(* If $a\ne 1$ and either $b\ne 0, c=0$ or $b=0, c\ne 0$, then $\check{f}$ has at most one root. Furthermore, exactly one of the following statements is true. 1. $\check{f}$ has exactly one root $x_0$ at which it changes sign. The derivative $\check{f}'$ is nonzero at $x_0$, and either $a>1,b>0,c=0$ or $a>1,b=0,c<0$ or $a<1,b<0,c=0$ or $a<1,b=0,c>0$. 2. $\check{f}$ has no root, and either $a<1,b>0,c=0$ or $a<1,b=0,c<0$ or $a>1,b<0,c=0$ or $a>1,b=0,c>0$.
   Context: A function $f:\mathbb{R}^+\to\mathbb{R}^+$ is called strongly hyperbolic if: (1) $\lim_{x\to 0+} f(x)=+\infty$ and $\lim_{x\to+\infty} f(x)=0$; (2) $f$ is strictly convex; (3) for each $b\in\mathbb{R}$, $\lim_{x\to+\infty} f(x+b)/f(x)=1$; (4) $f$ is differentiable; (5) $\ln|f'(x)|$ is strictly convex. Let $f$ be a strongly hyperbolic function, let $a>0$, $b,c\in\mathbb{R}$, and define $\check{f}:(\max\{-b,0\},\infty)\to\mathbb{R}$ by $\check{f}(x)=af(x+b)+c-f(x)$. *)

theory Defs
  imports "HOL-Analysis.Analysis"
begin

definition strictly_convex_on :: "real set \<Rightarrow> (real \<Rightarrow> real) \<Rightarrow> bool" where
  "strictly_convex_on S g \<longleftrightarrow> convex S \<and>
     (\<forall>x\<in>S. \<forall>y\<in>S. \<forall>t::real. x \<noteq> y \<and> 0 < t \<and> t < 1 \<longrightarrow>
        g ((1 - t) * x + t * y) < (1 - t) * g x + t * g y)"

text \<open>Strongly hyperbolic functions \<open>f : \<real>\<^sup>+ \<rightarrow> \<real>\<^sup>+\<close>; only the values on \<open>(0,\<infinity>)\<close> matter.\<close>
definition strongly_hyperbolic :: "(real \<Rightarrow> real) \<Rightarrow> bool" where
  "strongly_hyperbolic f \<longleftrightarrow>
     (\<forall>x>0. f x > 0) \<and>
     filterlim f at_top (at_right 0) \<and>
     (f \<longlongrightarrow> 0) at_top \<and>
     strictly_convex_on {0<..} f \<and>
     (\<forall>b. ((\<lambda>x. f (x + b) / f x) \<longlongrightarrow> 1) at_top) \<and>
     (\<forall>x>0. f differentiable (at x)) \<and>
     strictly_convex_on {0<..} (\<lambda>x. ln \<bar>deriv f x\<bar>)"

definition fcheck :: "(real \<Rightarrow> real) \<Rightarrow> real \<Rightarrow> real \<Rightarrow> real \<Rightarrow> real \<Rightarrow> real" where
  "fcheck f a b c x = a * f (x + b) + c - f x"

definition fcheck_dom :: "real \<Rightarrow> real set" where
  "fcheck_dom b = {max (- b) 0 <..}"

definition changes_sign_at :: "(real \<Rightarrow> real) \<Rightarrow> real \<Rightarrow> bool" where
  "changes_sign_at g x0 \<longleftrightarrow> (\<exists>e>0.
     ((\<forall>x. x0 - e < x \<and> x < x0 \<longrightarrow> g x < 0) \<and> (\<forall>x. x0 < x \<and> x < x0 + e \<longrightarrow> g x > 0)) \<or>
     ((\<forall>x. x0 - e < x \<and> x < x0 \<longrightarrow> g x > 0) \<and> (\<forall>x. x0 < x \<and> x < x0 + e \<longrightarrow> g x < 0)))"

end

(*
  For b = 0 the equation fcheck f a b c x = 0 reads f x = c / (1 - a), and f decreases strictly
  from +oo to 0.  For c = 0 it reads ln f (x + b) - ln f x = - ln a, and the left-hand side has the
  nonzero derivative f'(x + b) / f (x + b) - f'(x) / f(x): the logarithmic derivative f'/f is
  strictly increasing because H = -f' is strictly log-convex, which gives
  H(y) * int_x^oo H < H(x) * int_y^oo H for x < y.  In both cases there is at most one root, and
  the derivative of fcheck does not vanish there, so fcheck changes sign.  A root exists by the
  intermediate value theorem when fcheck has opposite signs near the left end of its domain and at
  infinity; in the remaining cases all summands of
  fcheck f a b c x = (a - 1) f (x + b) + (f (x + b) - f x) + c have the sign of a - 1.
*)
theory Submission
  imports Defs
begin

* _REQUIREMENT_
Show me all lines in the records that contain "imports".

* _ANSWER SECTION_
  imports "HOL-Analysis.Analysis"
  imports Defs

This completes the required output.